▶ Task statement
If a line of the data below contains the string "Union", count it, then state the total alone.

▶ Collected data entries

>>>

lemma norm1_mset_eq: "mset y = mset x \<Longrightarrow> norm1 y = norm1 x"
  unfolding norm1_def by (metis mset_map sum_mset_sum_list)

lemma norm1_uminus [simp]: "norm1 (map uminus x) = norm1 x"
  by (simp add: norm1_def o_def)

lemma norm1_scale: "norm1 (map ((*) k) x) = \<bar>k\<bar> * norm1 x"
  by (induction x) (auto simp: abs_mult algebra_simps)

lemma dvd_norm1: "(\<And>c. c \<in> set x \<Longrightarrow> k dvd c) \<Longrightarrow> k dvd norm1 x"
  by (induction x) auto

lemma finite_l1_sphere: "finite (l1_sphere d m)"
proof (rule finite_subset)
  show "l1_sphere d m \<subseteq> {x. set x \<subseteq> {-int m..int m} \<and> length x = d}"
    using abs_le_norm1 by (fastforce simp: l1_sphere_def abs_le_iff)
  show "finite {x. set x \<subseteq> {-int m..int m} \<and> length x = d}"
    by (rule finite_lists_length_eq) simp
qed

lemma card_abs_eq: "card {a::int. \<bar>a\<bar> = int k} = (if k = 0 then 1 else 2)"
proof -
  have "{a::int. \<bar>a\<bar> = int k} = {int k, - int k}"
    by auto
  then show ?thesis
    by simp
qed

lemma l1_sphere_Suc:
  "l1_sphere (Suc d) m = (\<Union>t\<le>m. (\<lambda>(a, y). a # y) ` ({a. \<bar>a\<bar> = int (m - t)} \<times> l1_sphere d t))"
proof (intro equalityI subsetI)
  fix x assume "x \<in> l1_sphere (Suc d) m"
  then obtain a y where x: "x = a # y" "length y = d" "\<bar>a\<bar> + norm1 y = int m"
    unfolding l1_sphere_def by (cases x) auto
  then have "nat (norm1 y) \<le> m" "\<bar>a\<bar> = int (m - nat (norm1 y))" "norm1 y = int (nat (norm1 y))"
    using norm1_nonneg[of y] by auto
  with x show "x \<in> (\<Union>t\<le>m. (\<lambda>(a, y). a # y) ` ({a. \<bar>a\<bar> = int (m - t)} \<times> l1_sphere d t))"
    unfolding l1_sphere_def by (auto intro!: bexI[of _ "nat (norm1 y)"] image_eqI[of _ _ "(a, y)"])
qed (auto simp: l1_sphere_def)

lemma card_l1_sphere_Suc:
  "card (l1_sphere (Suc d) m) = card (l1_sphere d m) + 2 * (\<Sum>t<m. card (l1_sphere d t))"
proof -
  define F where "F t = (\<lambda>(a, y). a # y) ` ({a. \<bar>a\<bar> = int (m - t)} \<times> l1_sphere d t)" for t
  have card_F: "card (F t) = (if t = m then 1 else 2) * card (l1_sphere d t)" if "t \<le> m" for t
  proof -
    have "inj_on (\<lambda>(a, y). a # y) ({a. \<bar>a\<bar> = int (m - t)} \<times> l1_sphere d t)"
      by (auto simp: inj_on_def)
    then show ?thesis
      using that card_abs_eq[of "m - t"]
      by (simp add: F_def card_image card_cartesian_product del: of_nat_diff)
  qed
  have "card (l1_sphere (Suc d) m) = (\<Sum>t\<le>m. card (F t))"
    unfolding l1_sphere_Suc F_def[symmetric]
  proof (rule card_UN_disjoint)
    have "finite {a::int. \<bar>a\<bar> = k}" for k
      by (rule finite_subset[of _ "{-k..k}"]) auto
    then show "\<forall>t\<in>{..m}. finite (F t)"
      by (simp add: F_def finite_l1_sphere)
    show "\<forall>s\<in>{..m}. \<forall>t\<in>{..m}. s \<noteq> t \<longrightarrow> F s \<inter> F t = {}"
      by (auto simp: F_def l1_sphere_def)
  qed simp
  also have "\<dots> = card (l1_sphere d m) + (\<Sum>t<m. 2 * card (l1_sphere d t))"
    by (simp add: lessThan_Suc_atMost[symmetric] card_F)
  finally show ?thesis
    by (simp add: sum_distrib_left)
qed

lemma card_l1_sphere: "card (l1_sphere d m) = (\<Sum>j\<le>d. 2 ^ j * (d choose j) * num_compositions m j)"
proof (induction d arbitrary: m)
  case 0
  have "l1_sphere 0 m = (if m = 0 then {[]} else {})"
    by (auto simp: l1_sphere_def)
  then show ?case
    by simp
next
  case (Suc d)
  have "(\<Sum>j\<le>Suc d. 2 ^ j * (Suc d choose j) * num_compositions m j)
      = num_compositions m 0 + (\<Sum>j\<le>d. 2 ^ Suc j * (d choose Suc j) * num_compositions m (Suc j))
        + (\<Sum>j\<le>d. 2 ^ Suc j * (d choose j) * num_compositions m (Suc j))"
    by (subst sum.atMost_Suc_shift)
       (simp add: sum.distrib algebra_simps del: num_compositions.simps(2) sum.atMost_Suc)
  also have "num_compositions m 0 + (\<Sum>j\<le>d. 2 ^ Suc j * (d choose Suc j) * num_compositions m (Suc j))
      = (\<Sum>j\<le>Suc d. 2 ^ j * (d choose j) * num_compositions m j)"
    by (simp only: sum.atMost_Suc_shift power_0 binomial_n_0 mult_1_left)
  also have "\<dots> = card (l1_sphere d m)"
    by (simp add: Suc.IH binomial_eq_0 del: num_compositions.simps)
  also have "(\<Sum>j\<le>d. 2 ^ Suc j * (d choose j) * num_compositions m (Suc j))
      = 2 * (\<Sum>t<m. card (l1_sphere d t))"
    by (simp add: Suc.IH sum_distrib_left sum.swap[of _ "{..<m}"] mult.assoc)
  finally show ?case
    by (simp add: card_l1_sphere_Suc)
qed

lemma primitive_has_nonzero: "primitive x \<Longrightarrow> \<exists>c\<in>set x. c \<noteq> 0"
  using Gcd_0_iff[of "set x"] by (auto simp: primitive_def)

lemma primitive_uminus [simp]: "primitive (map uminus x) \<longleftrightarrow> primitive x"
  by (simp add: primitive_def)

lemma primitive_iff_no_prime_factor_divides:
  assumes "x \<in> l1_sphere d n" "n > 0"
  shows "primitive x \<longleftrightarrow> (\<forall>p\<in>prime_factors n. \<not> (\<forall>c\<in>set x. int p dvd c))"
proof -
  define g where "g = Gcd (set x)"
  have dvd_g: "int p dvd g \<longleftrightarrow> (\<forall>c\<in>set x. int p dvd c)" for p
    by (simp add: g_def dvd_Gcd_iff)
  have "g dvd int n"
    using assms(1) dvd_norm1[of x g] by (simp add: g_def l1_sphere_def)
  then have "g \<noteq> 0"
    using assms(2) by auto
  then have "g > 0"
    by (simp add: g_def less_le)
  show ?thesis
  proof
    assume "primitive x"
    then show "\<forall>p\<in>prime_factors n. \<not> (\<forall>c\<in>set x. int p dvd c)"
      by (auto simp: primitive_def in_prime_factors_iff simp flip: g_def dvd_g)
  next
    assume no_prime: "\<forall>p\<in>prime_factors n. \<not> (\<forall>c\<in>set x. int p dvd c)"
    show "primitive x"
    proof (rule ccontr)
      assume "\<not> primitive x"
      then have "nat g \<noteq> 1"
        using \<open>g > 0\<close> by (simp add: primitive_def g_def)
      then obtain p where p: "prime p" "p dvd nat g"
        using prime_factor_nat by blast
      then have "int p dvd g"
        using \<open>g > 0\<close> by (simp add: dvd_nat_abs_iff[symmetric])
      moreover from this have "int p dvd int n"
        using \<open>g dvd int n\<close> by (rule dvd_trans)
      then have "p \<in> prime_factors n"
        using p assms(2) by (simp add: in_prime_factors_iff)
      ultimately show False
        using no_prime dvd_g by blast
    qed
  qed
qed

lemma card_multiples_in_l1_sphere:
  assumes "k > 0" "k dvd n"
  shows "card {x\<in>l1_sphere d n. \<forall>c\<in>set x. int k dvd c} = card (l1_sphere d (n div k))"
proof -
  have "{x\<in>l1_sphere d n. \<forall>c\<in>set x. int k dvd c} = map ((*) (int k)) ` l1_sphere d (n div k)"
  proof (intro equalityI subsetI)
    fix x assume x: "x \<in> {x\<in>l1_sphere d n. \<forall>c\<in>set x. int k dvd c}"
    define y where "y = map (\<lambda>c. c div int k) x"
    have "map ((*) (int k)) y = x"
      using x by (simp add: y_def map_idI)
    moreover have "int k * norm1 y = int k * int (n div k)"
      using x assms norm1_scale[of "int k" y] \<open>map ((*) (int k)) y = x\<close>
      by (simp add: l1_sphere_def flip: of_nat_mult)
    then have "y \<in> l1_sphere d (n div k)"
      using x assms(1) by (simp add: l1_sphere_def y_def)
    ultimately show "x \<in> map ((*) (int k)) ` l1_sphere d (n div k)"
      by blast
  qed (use assms norm1_scale in \<open>auto simp: l1_sphere_def simp flip: of_nat_mult\<close>)
  moreover have "inj_on (map ((*) (int k))) (l1_sphere d (n div k))"
    using assms(1) by (auto intro!: inj_on_subset[OF inj_mapI] simp: inj_def)
  ultimately show ?thesis
    by (simp add: card_image)
qed

lemma card_primitive_l1_sphere_inclusion_exclusion:
  assumes "n > 0"
  shows "real (card {x\<in>l1_sphere d n. primitive x})
           = (\<Sum>U\<in>Pow (prime_factors n). (-1) ^ card U * real (card (l1_sphere d (n div \<Prod>U))))"
proof -
  have "{x\<in>l1_sphere d n. primitive x}
      = {x\<in>l1_sphere d n. \<forall>p\<in>prime_factors n. \<not> (\<forall>c\<in>set x. int p dvd c)}"
    using primitive_iff_no_prime_factor_divides[OF _ assms] by blast
  then have "real (card {x\<in>l1_sphere d n. primitive x})
      = (\<Sum>U\<in>Pow (prime_factors n). (-1) ^ card U
           * real (card {x\<in>l1_sphere d n. \<forall>p\<in>U. \<forall>c\<in>set x. int p dvd c}))"
    by (simp only:) (rule card_avoiding_inclusion_exclusion[OF finite_l1_sphere], simp)
  also have "\<dots> = (\<Sum>U\<in>Pow (prime_factors n). (-1) ^ card U * real (card (l1_sphere d (n div \<Prod>U))))"
  proof (rule sum.cong)
    fix U assume U: "U \<in> Pow (prime_factors n)"
    have "int (\<Prod>U) dvd c \<longleftrightarrow> \<Prod>U dvd nat \<bar>c\<bar>" for c
      by (rule dvd_nat_abs_iff[symmetric])
    also have "\<dots> c \<longleftrightarrow> (\<forall>p\<in>U. int p dvd c)" for c
      using U finite_subset[of U] by (subst prod_primes_dvd_iff) (auto simp: dvd_nat_abs_iff)
    finally have "{x\<in>l1_sphere d n. \<forall>p\<in>U. \<forall>c\<in>set x. int p dvd c}
        = {x\<in>l1_sphere d n. \<forall>c\<in>set x. int (\<Prod>U) dvd c}"
      by auto
    moreover have "card {x\<in>l1_sphere d n. \<forall>c\<in>set x. int (\<Prod>U) dvd c} = card (l1_sphere d (n div \<Prod>U))"
      using U by (intro card_multiples_in_l1_sphere prod_subset_prime_factors_dvd prod_pos)
                 (auto simp: in_prime_factors_iff prime_gt_0_nat)
    ultimately show "(-1) ^ card U * real (card {x\<in>l1_sphere d n. \<forall>p\<in>U. \<forall>c\<in>set x. int p dvd c})
        = (-1) ^ card U * real (card (l1_sphere d (n div \<Prod>U)))"
      by (simp only:)
  qed simp
  finally show ?thesis .
qed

<<<

▶ Solved exercise
2